The conversation now lives in your dashboard with full transcript, all findings, all outputs and their delivery status, and any frames captured during screen-share.

What you can access afterward

For any past conversation:

  • In the dashboard — full transcript, findings, summary, output delivery log, frame thumbnails.
  • Via the REST APIGET /v1/interviews/iv_….
  • Via the MCP package — ask the assistant to retrieve and explain it.

Where the cost goes

Roughly:

  • The largest costs are the LLM calls — the speaker, the extraction layer, the advisors. These compound across turns.
  • Smaller costs are STT, TTS, and the LLM calls in setup (summary generation, extraction).
  • Negligible costs at this scale are the LiveKit transport, the iframe, frame capture.
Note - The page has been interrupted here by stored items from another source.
lemma weight_sum_le:
  "finite B \<Longrightarrow> weight s z i (\<Sum>k\<in>B. f k) \<le> (\<Sum>k\<in>B. max_weight s z (f k))"
proof (induction B arbitrary: i rule: finite_induct)
  case (insert k B)
  have "weight s z i (\<Sum>k\<in>insert k B. f k) = weight s z i (f k) + weight s z (i + f k) (\<Sum>k\<in>B. f k)"
    using insert.hyps by (simp add: weight_add)
  also have "\<dots> \<le> max_weight s z (f k) + (\<Sum>k\<in>B. max_weight s z (f k))"
    using weight_le_max_weight insert.IH by (rule add_mono)
  finally show ?case using insert.hyps by simp
qed simp

lemma weight_mult_le: "weight s z i (k * n) \<le> k * max_weight s z n"
  using weight_sum_le[of "{..<k}" s z i "\<lambda>_. n"] by simp

text \<open>A window sliding by one position keeps its weight only if the letter dropped equals
the letter added.\<close>

lemma eventually_constant_weight_imp_ultimately_periodic:
  assumes "n > 0" and "\<forall>i\<ge>p. weight s z i n = c"
  shows "ultimately_periodic s"
proof -
  have "s (i + n) = s i" if "i \<ge> p" for i
  proof -
    have "weight s z i n + weight s z (i + n) 1 = weight s z i 1 + weight s z (Suc i) n"
      using weight_add[of s z i n 1] weight_add[of s z i 1 n] by simp
    moreover have "weight s z i n = weight s z (Suc i) n" using assms(2) that by simp
    ultimately have "(s (i + n) = z) = (s i = z)" by (simp add: weight_1 split: if_splits)
    then show ?thesis by (cases "s (i + n)"; cases "s i"; cases z) auto
  qed
  then show ?thesis unfolding ultimately_periodic_def using assms(1) by (metis add.commute)
qed

lemma light_positions_unbounded:
  assumes "\<not> ultimately_periodic s" and "n > 0"
  shows "\<exists>l\<ge>p. weight s z l n < max_weight s z n"
proof (rule ccontr)
  assume "\<not> ?thesis"
  then have "\<forall>i\<ge>p. weight s z i n = max_weight s z n"
    using weight_le_max_weight[of s z _ n] by (metis le_antisym not_le)
  then show False
    using eventually_constant_weight_imp_ultimately_periodic[OF assms(2)] assms(1) by blast
qed

lemma light_window:
  assumes "\<not> ultimately_periodic s" and "n > 0"
  shows "\<exists>l k. weight s z l (k * n) + 2 \<le> k * max_weight s z n"
proof -
  define light where "light = {l. weight s z l n < max_weight s z n}"
  have "infinite light"
    unfolding light_def infinite_nat_iff_unbounded_le using light_positions_unbounded[OF assms] by blast
  moreover have "finite ((\<lambda>l. l mod n) ` light)"
    by (rule finite_subset[of _ "{..<n}"]) (auto simp: assms(2))
  ultimately obtain r where inf: "infinite {l\<in>light. l mod n = r}"
    using pigeonhole_infinite[of light "\<lambda>l. l mod n"] by auto
  then have "{l\<in>light. l mod n = r} \<noteq> {}" by (metis finite.emptyI)
  then obtain l1 where l1: "l1 \<in> light" "l1 mod n = r" by blast
  obtain l2 where l2: "l2 > l1" "l2 \<in> light" "l2 mod n = r"
    using inf unfolding infinite_nat_iff_unbounded by blast
  have "n dvd l2 - l1" using l1(2) l2 mod_eq_dvd_iff_nat[of l1 l2 n] by simp
  then obtain k where "l2 - l1 = n * k" by blast
  with l2(1) obtain k' where "l2 - l1 = n * Suc k'" by (cases k) auto
  then have l2_eq: "l2 = l1 + n + k' * n" using l2(1) by (simp add: algebra_simps)
  have "weight s z l1 (Suc (Suc k') * n) = weight s z l1 n + weight s z (l1 + n) (k' * n) + weight s z l2 n"
    using weight_add[of s z l1 n "k' * n + n"] weight_add[of s z "l1 + n" "k' * n" n] l2_eq
    by (simp add: add.assoc add.commute)
  moreover have "weight s z l1 n < max_weight s z n" "weight s z l2 n < max_weight s z n"
    using l1(1) l2(2) unfolding light_def by auto
  moreover have "weight s z (l1 + n) (k' * n) \<le> k' * max_weight s z n"
    by (rule weight_mult_le)
  ultimately show ?thesis by (intro exI[of _ l1] exI[of _ "Suc (Suc k')"]) simp
qed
Templates with many advisors, deep follow-up, and long max-duration cost more per conversation. Templates with focused goals and short conversations cost less.

How "interview" and "session" relate

The terms interview, session, and conversation describe slightly different things in the code, but in practice they're aliases:

  • Conversation is the user-facing term.
  • Interview is the older identifier in some API paths and DB fields (e.g. iv_…, /v1/interviews).
  • Session is the runtime instance — same conversation, but emphasizes the live LiveKit room.

For most purposes, treat them as the same thing. New external code should say "conversation."